= Beginning of Section =

lemma dual_norm_nonneg:
  assumes "D \<in> l1_dual"
  shows "0 \<le> dual_norm D"
proof -
  obtain K where K: "\<And>a. a \<in> l1 \<Longrightarrow> l1_norm a \<le> 1 \<Longrightarrow> norm (D a) \<le> K"
    using l1_dual_ball_bound[OF assms] by blast
  let ?S = "{norm (D a) | a. a \<in> l1 \<and> l1_norm a \<le> 1}"
  have "norm (D (\<lambda>s. 0)) \<in> ?S" by (intro CollectI exI[of _ "\<lambda>s. 0"]) (simp add: l1_zero l1_norm_zero)
  moreover have "bdd_above ?S" using K by (auto intro!: bdd_aboveI[of _ K])
  ultimately have "norm (D (\<lambda>s. 0)) \<le> Sup ?S" by (rule cSup_upper)
  then show ?thesis unfolding dual_norm_def using norm_ge_zero order_trans by blast
qed

lemma dual_norm_le:
  fixes D :: "('a \<Rightarrow> complex) \<Rightarrow> complex"
  assumes "\<And>a. a \<in> l1 \<Longrightarrow> l1_norm a \<le> 1 \<Longrightarrow> norm (D a) \<le> K"
  shows "dual_norm D \<le> K"
proof -
  have "norm (D (\<lambda>s. 0)) \<in> {norm (D a) | a. a \<in> l1 \<and> l1_norm a \<le> 1}"
    by (intro CollectI exI[of _ "\<lambda>s. 0"]) (simp add: l1_zero l1_norm_zero)
  then show ?thesis unfolding dual_norm_def by (intro cSup_least) (auto intro: assms)
qed

text \<open>A bounded functional that is at most \<eta> on every point mass has norm at most \<eta>:
  first on finitely supported elements by linearity, then in general because the
  l1 norm of the remaining tail can be made arbitrarily small.\<close>
lemma l1_dual_finite_part_bound:
  assumes D: "D \<in> l1_dual" and point: "\<And>x. norm (D (point_mass x)) \<le> \<eta>" and F: "finite F"
  shows "norm (D (\<lambda>s. if s \<in> F then a s else 0)) \<le> \<eta> * (\<Sum>s\<in>F. norm (a s))"
  using F
proof (induction F rule: finite_induct)
  case empty
  then show ?case using l1_dual_zero[OF D] by simp
next
  case (insert x F)
  have split: "(\<lambda>s. if s \<in> insert x F then a s else 0)
             = (\<lambda>s. (if s \<in> F then a s else 0) + a x * point_mass x s)"
    using insert.hyps(2) by (auto simp: point_mass_def)
  have "(\<lambda>s. if s \<in> F then a s else 0) \<in> l1"
    by (rule l1_finite_support[OF insert.hyps(1)]) auto
  moreover have "(\<lambda>s. a x * point_mass x s) \<in> l1"
    by (rule l1_finite_support[of "{x}"]) (auto simp: point_mass_def)
  ultimately have "D (\<lambda>s. if s \<in> insert x F then a s else 0)
           = D (\<lambda>s. if s \<in> F then a s else 0) + D (\<lambda>s. a x * point_mass x s)"
    unfolding split by (rule l1_dual_add[OF D])
  also have "D (\<lambda>s. a x * point_mass x s) = a x * D (point_mass x)"
    by (rule l1_dual_scale[OF D point_mass_l1])
  finally have "D (\<lambda>s. if s \<in> insert x F then a s else 0)
           = D (\<lambda>s. if s \<in> F then a s else 0) + a x * D (point_mass x)" .
  then have "norm (D (\<lambda>s. if s \<in> insert x F then a s else 0))
           \<le> norm (D (\<lambda>s. if s \<in> F then a s else 0)) + norm (a x) * norm (D (point_mass x))"
    by (metis norm_mult norm_triangle_ineq)
  also have "\<dots> \<le> \<eta> * (\<Sum>s\<in>F. norm (a s)) + norm (a x) * \<eta>"
    using insert.IH point[of x] by (intro add_mono mult_left_mono) auto
  finally show ?case using insert.hyps by (simp add: algebra_simps)
qed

= End of Section =

[What you have to do] Taking the entries above, write out exactly the lines starting with the line containing "proof (induction F rule: finite_induct)" and going on through the line containing "x F then a s else 0))", both included, and nothing else.

[Response area]
proof (induction F rule: finite_induct)
  case empty
  then show ?case using l1_dual_zero[OF D] by simp
next
  case (insert x F)
  have split: "(\<lambda>s. if s \<in> insert x F then a s else 0)
             = (\<lambda>s. (if s \<in> F then a s else 0) + a x * point_mass x s)"
    using insert.hyps(2) by (auto simp: point_mass_def)
  have "(\<lambda>s. if s \<in> F then a s else 0) \<in> l1"
    by (rule l1_finite_support[OF insert.hyps(1)]) auto
  moreover have "(\<lambda>s. a x * point_mass x s) \<in> l1"
    by (rule l1_finite_support[of "{x}"]) (auto simp: point_mass_def)
  ultimately have "D (\<lambda>s. if s \<in> insert x F then a s else 0)
           = D (\<lambda>s. if s \<in> F then a s else 0) + D (\<lambda>s. a x * point_mass x s)"
    unfolding split by (rule l1_dual_add[OF D])
  also have "D (\<lambda>s. a x * point_mass x s) = a x * D (point_mass x)"
    by (rule l1_dual_scale[OF D point_mass_l1])
  finally have "D (\<lambda>s. if s \<in> insert x F then a s else 0)
           = D (\<lambda>s. if s \<in> F then a s else 0) + a x * D (point_mass x)" .
  then have "norm (D (\<lambda>s. if s \<in> insert x F then a s else 0))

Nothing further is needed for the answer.